Kerala government says the state is facing a cash crunch due to inadequate supply of currency notes.
THIRUVANANTHAPURAM:
It is the beginning of the month and people are looking to collect their salaries and pensions across the country. But in Kerala, most people can't withdraw their money due to a cash crunch that has returned to haunt the state where many ATMs of the country's largest bank, SBI, are not dispensing cash.
The Kerala government on Tuesday conceded that the cash crisis had hit the treasury too; it has the money but not the currency notes needed to pay people their salaries or pensions. If the central bank does not step in, Finance Minister TM Thomas Isaac warned, disbursal of salaries and pensions could be hit. The Reserve Bank of India has not supplied enough currency notes, he said, laying the blame for the severe crisis facing the state at the central bank's doors.
Kerala's crisis comes months after Prime Minister Narendra Modi's surprise announcement on November 8 last year banning Rs 500 and Rs 1,000-denomination notes triggered a severe cash crisis across the country. Millions of people had to spend hours in queues at banks and ATMs to exchange, or withdraw currency notes. The decision had yanked off 86 per cent of the total currency in circulation.
Last month, RBI Deputy Governor Viral Acharya had announced that the process to replace the currency notes pulled out due to the notes ban decision would take a couple of more months. According to the central bank's statistics, the currency in circulation towards the end of March had reached Rs 13.12 lakh crore as against Rs 16.63 lakh crore a year earlier.
But for the group of women pensioners who had been queuing up outside Kerala's state treasuries, these numbers meant little.
"We have been waiting since morning and it's been several hours. The treasury officials say they have not been able to get adequate currency notes," said a group of women pensioners in the port city of Kochi.

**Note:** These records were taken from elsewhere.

definition H :: pfun where
  "H = (\<lambda>r phi pr pphi. 1/2 * r powr (2*n) * (pr^2 + pphi^2 / r^2) + k0 / r powr (2*kn))"

definition J11 :: pfun where
  "J11 = (\<lambda>r phi pr pphi. (P1 r phi pr pphi)^2 + 2*k0 / r powr (2*kn) * (cos (kn*phi))^2)"

definition J22 :: pfun where
  "J22 = (\<lambda>r phi pr pphi. (P2 r phi pr pphi)^2 + 2*k0 / r powr (2*kn) * (sin (kn*phi))^2)"

definition J12 :: pfun where
  "J12 = (\<lambda>r phi pr pphi. P1 r phi pr pphi * P2 r phi pr pphi
                          + 2*k0 / r powr (2*kn) * cos (kn*phi) * sin (kn*phi))"

definition grad_P1 :: "real \<Rightarrow> real \<Rightarrow> real \<Rightarrow> real \<Rightarrow> covector" where
  "grad_P1 r phi pr pphi =
     (n / r * P1 r phi pr pphi - r powr n * pphi * sin (kn*phi) / r^2, - kn * P2 r phi pr pphi,
      r powr n * cos (kn*phi), r powr n * sin (kn*phi) / r)"

definition grad_P2 :: "real \<Rightarrow> real \<Rightarrow> real \<Rightarrow> real \<Rightarrow> covector" where
  "grad_P2 r phi pr pphi =
     (n / r * P2 r phi pr pphi + r powr n * pphi * cos (kn*phi) / r^2, kn * P1 r phi pr pphi,
      r powr n * sin (kn*phi), - (r powr n) * cos (kn*phi) / r)"

text \<open>The gradient of a / r powr (2*kn) * f phi, where v = f phi and v' is the derivative of f at phi.\<close>
definition grad_potential :: "real \<Rightarrow> real \<Rightarrow> real \<Rightarrow> real \<Rightarrow> covector" where
  "grad_potential a v v' r = (- (2*kn) / r * (a / r powr (2*kn) * v), a / r powr (2*kn) * v', 0, 0)"

lemma has_gradient_P1: "r > 0 \<Longrightarrow> has_gradient P1 (grad_P1 r phi pr pphi) r phi pr pphi"
  unfolding has_gradient_def grad_P1_def P1_def P2_def
  by (intro conjI; (rule derivative_eq_intros refl | force)+; simp add: powr_diff field_simps power2_eq_square)

lemma has_gradient_P2: "r > 0 \<Longrightarrow> has_gradient P2 (grad_P2 r phi pr pphi) r phi pr pphi"
  unfolding has_gradient_def grad_P2_def P1_def P2_def
  by (intro conjI; (rule derivative_eq_intros refl | force)+; simp add: powr_diff field_simps power2_eq_square)

lemma has_gradient_potential:
  "r > 0 \<Longrightarrow> (f has_real_derivative f') (at phi) \<Longrightarrow>
     has_gradient (\<lambda>r phi pr pphi. a / r powr (2*kn) * f phi) (grad_potential a (f phi) f' r) r phi pr pphi"
  unfolding grad_potential_def by (rule has_gradient_radial_angular)

lemma H_eq_kinetic_plus_potential:
  assumes "r > 0"
  shows "H r phi pr pphi = 1/2 * ((P1 r phi pr pphi)^2 + (P2 r phi pr pphi)^2) + k0 / r powr (2*kn)"
proof -
  have rotation: "(t * (pr * c + u * s))^2 + (t * (pr * s - u * c))^2
      = t^2 * (pr^2 + u^2) * (c^2 + s^2)" for t u c s :: real
    by (simp add: power2_eq_square algebra_simps)
  have "(P1 r phi pr pphi)^2 + (P2 r phi pr pphi)^2
      = (r powr n)^2 * (pr^2 + (1/r * pphi)^2) * ((cos (kn*phi))^2 + (sin (kn*phi))^2)"
    unfolding P1_def P2_def by (rule rotation)
  also have "\<dots> = r powr (2*n) * (pr^2 + pphi^2 / r^2)"
    using assms by (simp add: powr_power mult.commute power_divide)
  finally show ?thesis unfolding H_def by simp
qed

definition grad_H :: "real \<Rightarrow> real \<Rightarrow> real \<Rightarrow> real \<Rightarrow> covector" where
  "grad_H r phi pr pphi = P1 r phi pr pphi *\<^sub>R grad_P1 r phi pr pphi + P2 r phi pr pphi *\<^sub>R grad_P2 r phi pr pphi
     + grad_potential k0 1 0 r"

lemma has_gradient_H:
  assumes r: "r > 0"
  shows "has_gradient H (grad_H r phi pr pphi) r phi pr pphi"
proof (rule has_gradient_cong_pos[OF _ r])
  \<comment> \<open>the factor 1 is the angular part f = 1 of the potential in has_gradient_potential\<close>
  have "has_gradient (\<lambda>r phi pr pphi. 1/2 * ((P1 r phi pr pphi)^2 + (P2 r phi pr pphi)^2) + k0 / r powr (2*kn) * 1)
          ((1/2) *\<^sub>R ((2 * P1 r phi pr pphi) *\<^sub>R grad_P1 r phi pr pphi
                       + (2 * P2 r phi pr pphi) *\<^sub>R grad_P2 r phi pr pphi)
           + grad_potential k0 1 0 r) r phi pr pphi"
    by (intro has_gradient_add has_gradient_scale has_gradient_power2 has_gradient_P1 has_gradient_P2
        has_gradient_potential[OF r DERIV_const] r)
  then show "has_gradient (\<lambda>r phi pr pphi. 1/2 * ((P1 r phi pr pphi)^2 + (P2 r phi pr pphi)^2) + k0 / r powr (2*kn) * 1)
          (grad_H r phi pr pphi) r phi pr pphi"
    by (simp add: grad_H_def scaleR_add_right)
qed (simp add: H_eq_kinetic_plus_potential)

lemma has_gradient_J11:
  assumes r: "r > 0"
  shows "has_gradient J11 ((2 * P1 r phi pr pphi) *\<^sub>R grad_P1 r phi pr pphi
           + grad_potential (2*k0) ((cos (kn*phi))^2) (- 2 * kn * cos (kn*phi) * sin (kn*phi)) r) r phi pr pphi"
proof -
  have "((\<lambda>x. (cos (kn*x))^2) has_real_derivative - 2 * kn * cos (kn*phi) * sin (kn*phi)) (at phi)"
    by (rule derivative_eq_intros refl | simp)+
  from has_gradient_add[OF has_gradient_power2[OF has_gradient_P1[OF r]] has_gradient_potential[OF r this]]
  show ?thesis unfolding J11_def .
qed

lemma has_gradient_J22:
  assumes r: "r > 0"
  shows "has_gradient J22 ((2 * P2 r phi pr pphi) *\<^sub>R grad_P2 r phi pr pphi
           + grad_potential (2*k0) ((sin (kn*phi))^2) (2 * kn * sin (kn*phi) * cos (kn*phi)) r) r phi pr pphi"
proof -
  have "((\<lambda>x. (sin (kn*x))^2) has_real_derivative 2 * kn * sin (kn*phi) * cos (kn*phi)) (at phi)"
    by (rule derivative_eq_intros refl | simp)+
  from has_gradient_add[OF has_gradient_power2[OF has_gradient_P2[OF r]] has_gradient_potential[OF r this]]
  show ?thesis unfolding J22_def .
qed

lemma has_gradient_J12:
  assumes r: "r > 0"
  shows "has_gradient J12 (P1 r phi pr pphi *\<^sub>R grad_P2 r phi pr pphi + P2 r phi pr pphi *\<^sub>R grad_P1 r phi pr pphi
           + grad_potential (2*k0) (cos (kn*phi) * sin (kn*phi)) (kn * ((cos (kn*phi))^2 - (sin (kn*phi))^2)) r)
           r phi pr pphi"
proof -
  have D: "((\<lambda>x. cos (kn*x) * sin (kn*x)) has_real_derivative kn * ((cos (kn*phi))^2 - (sin (kn*phi))^2)) (at phi)"
    by (rule derivative_eq_intros refl | simp add: power2_eq_square algebra_simps)+
  have J12_eq: "J12 = (\<lambda>r phi pr pphi. P1 r phi pr pphi * P2 r phi pr pphi
                          + 2*k0 / r powr (2*kn) * (cos (kn*phi) * sin (kn*phi)))"
    unfolding J12_def by (simp add: mult.assoc)
  show ?thesis unfolding J12_eq
    by (rule has_gradient_add[OF has_gradient_mult[OF has_gradient_P1[OF r] has_gradient_P2[OF r]]
        has_gradient_potential[OF r D]])
qed

text \<open>The bracket equals (n - 1 - kn) r^(2n) p_phi / r^2; this is the only place where kn = n - 1 is used.\<close>
lemma symplectic_P1_P2: "r > 0 \<Longrightarrow> symplectic (grad_P1 r phi pr pphi) (grad_P2 r phi pr pphi) = 0"
  unfolding symplectic_def grad_P1_def grad_P2_def P1_def P2_def
  using sin_cos_squared_add[of "kn*phi"]
  by (simp add: kn_eq field_simps power2_eq_square)

lemma symplectic_P1_potential:
  "r > 0 \<Longrightarrow> symplectic (grad_P1 r phi pr pphi) (grad_potential a v v' r)
     = r powr n * (a / r powr (2*kn)) * (2*kn * cos (kn*phi) * v - sin (kn*phi) * v') / r"
  unfolding symplectic_def grad_P1_def grad_potential_def by (simp add: field_simps)

lemma symplectic_P2_potential:
  "r > 0 \<Longrightarrow> symplectic (grad_P2 r phi pr pphi) (grad_potential a v v' r)
     = r powr n * (a / r powr (2*kn)) * (2*kn * sin (kn*phi) * v + cos (kn*phi) * v') / r"
  unfolding symplectic_def grad_P2_def grad_potential_def by (simp add: field_simps)

lemma symplectic_P2_P1: "r > 0 \<Longrightarrow> symplectic (grad_P2 r phi pr pphi) (grad_P1 r phi pr pphi) = 0"
  using symplectic_P1_P2 symplectic_commute[of "grad_P1 r phi pr pphi" "grad_P2 r phi pr pphi"] by simp

lemma symplectic_potential_P1:
  "r > 0 \<Longrightarrow> symplectic (grad_potential a v v' r) (grad_P1 r phi pr pphi)
     = - (r powr n * (a / r powr (2*kn)) * (2*kn * cos (kn*phi) * v - sin (kn*phi) * v') / r)"
  using symplectic_P1_potential symplectic_commute[of "grad_P1 r phi pr pphi" "grad_potential a v v' r"]
  by simp

lemma symplectic_potential_P2:
  "r > 0 \<Longrightarrow> symplectic (grad_potential a v v' r) (grad_P2 r phi pr pphi)
     = - (r powr n * (a / r powr (2*kn)) * (2*kn * sin (kn*phi) * v + cos (kn*phi) * v') / r)"
  using symplectic_P2_potential symplectic_commute[of "grad_P2 r phi pr pphi" "grad_potential a v v' r"]
  by simp

lemma symplectic_potential_potential: "symplectic (grad_potential a v v' r) (grad_potential b w w' r) = 0"
  unfolding grad_potential_def by (rule symplectic_configuration)

lemmas symplectic_simps =
  symplectic_add_left symplectic_add_right symplectic_scaleR_left symplectic_scaleR_right
  symplectic_P1_P2 symplectic_P2_P1 symplectic_P1_potential symplectic_P2_potential
  symplectic_potential_P1 symplectic_potential_P2 symplectic_potential_potential

lemma poisson_J11_H: "r > 0 \<Longrightarrow> poisson J11 H r phi pr pphi = 0"
  by (simp add: poisson_eq_symplectic[OF has_gradient_J11 has_gradient_H] grad_H_def symplectic_simps
      field_simps) (use sin_cos_squared_add3[of "kn*phi"] in algebra)

lemma poisson_J22_H: "r > 0 \<Longrightarrow> poisson J22 H r phi pr pphi = 0"
  by (simp add: poisson_eq_symplectic[OF has_gradient_J22 has_gradient_H] grad_H_def symplectic_simps
      field_simps) (use sin_cos_squared_add3[of "kn*phi"] in algebra)

lemma poisson_J12_H: "r > 0 \<Longrightarrow> poisson J12 H r phi pr pphi = 0"
  by (simp add: poisson_eq_symplectic[OF has_gradient_J12 has_gradient_H] grad_H_def symplectic_simps
      field_simps) (use sin_cos_squared_add3[of "kn*phi"] in algebra)

lemma poisson_J11_J22: "r > 0 \<Longrightarrow> poisson J11 J22 r phi pr pphi = 0"
  by (simp add: poisson_eq_symplectic[OF has_gradient_J11 has_gradient_J22] symplectic_simps field_simps)
    algebra

lemma poisson_momentum_phi_H: "r > 0 \<Longrightarrow> poisson (\<lambda>r phi pr pphi. pphi) H r phi pr pphi = 0"
  by (simp add: poisson_eq_symplectic[OF has_gradient_momentum_phi has_gradient_H] grad_H_def
      grad_P1_def grad_P2_def grad_potential_def symplectic_def)

lemma H_eq_half_J11_J22:
  assumes "r > 0"
  shows "H r phi pr pphi = 1/2 * (J11 r phi pr pphi + J22 r phi pr pphi)"
proof -
  have "2*k0 / r powr (2*kn) * (cos (kn*phi))^2 + 2*k0 / r powr (2*kn) * (sin (kn*phi))^2
      = 2*k0 / r powr (2*kn) * ((cos (kn*phi))^2 + (sin (kn*phi))^2)"
    by (simp only: distrib_left)
  also have "\<dots> = 2*k0 / r powr (2*kn)" by simp
  finally show ?thesis
    unfolding H_eq_kinetic_plus_potential[OF assms] J11_def J22_def by (simp add: algebra_simps)
qed

lemma wedge3_nonzero_momentum_phi_J11_J22:
  assumes "kn \<noteq> 0"
  shows "wedge3_nonzero (\<lambda>r phi pr pphi. pphi) J11 J22"
  by (rule wedge3_nonzero_if_gradients_independent[OF zero_less_one has_gradient_momentum_phi
      has_gradient_J11[OF zero_less_one, of 0 1 1] has_gradient_J22[OF zero_less_one, of 0 1 1]])
    (use assms in \<open>simp add: grad_P1_def grad_P2_def grad_potential_def P1_def P2_def zero_prod_def\<close>)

In the state capital Thiruvananthapuram, Mr Isaac conceded that several treasuries just did not have the cash. He lamented that the crisis had returned at a time when the state government was getting ready to disburse three months welfare pension arrears in view of Vishu and Easter festivals.
The government would transfer the funds for distribution of welfare pension to the cooperative banks, there is realisation that it may meant little for the beneficiaries if they do not get access to hard cash. A PTI report said the worst-affected were people who draw money from ATMs of State Bank of India or its subsidiaries.
"There is a limit to putting people to trouble," said a working woman, pointing that she hadn't been able to withdraw her salary for the past two days. "I have been visiting numerous SBI ATMs. If there is no currency, why can't they put a board, stating that there is no currency," she added.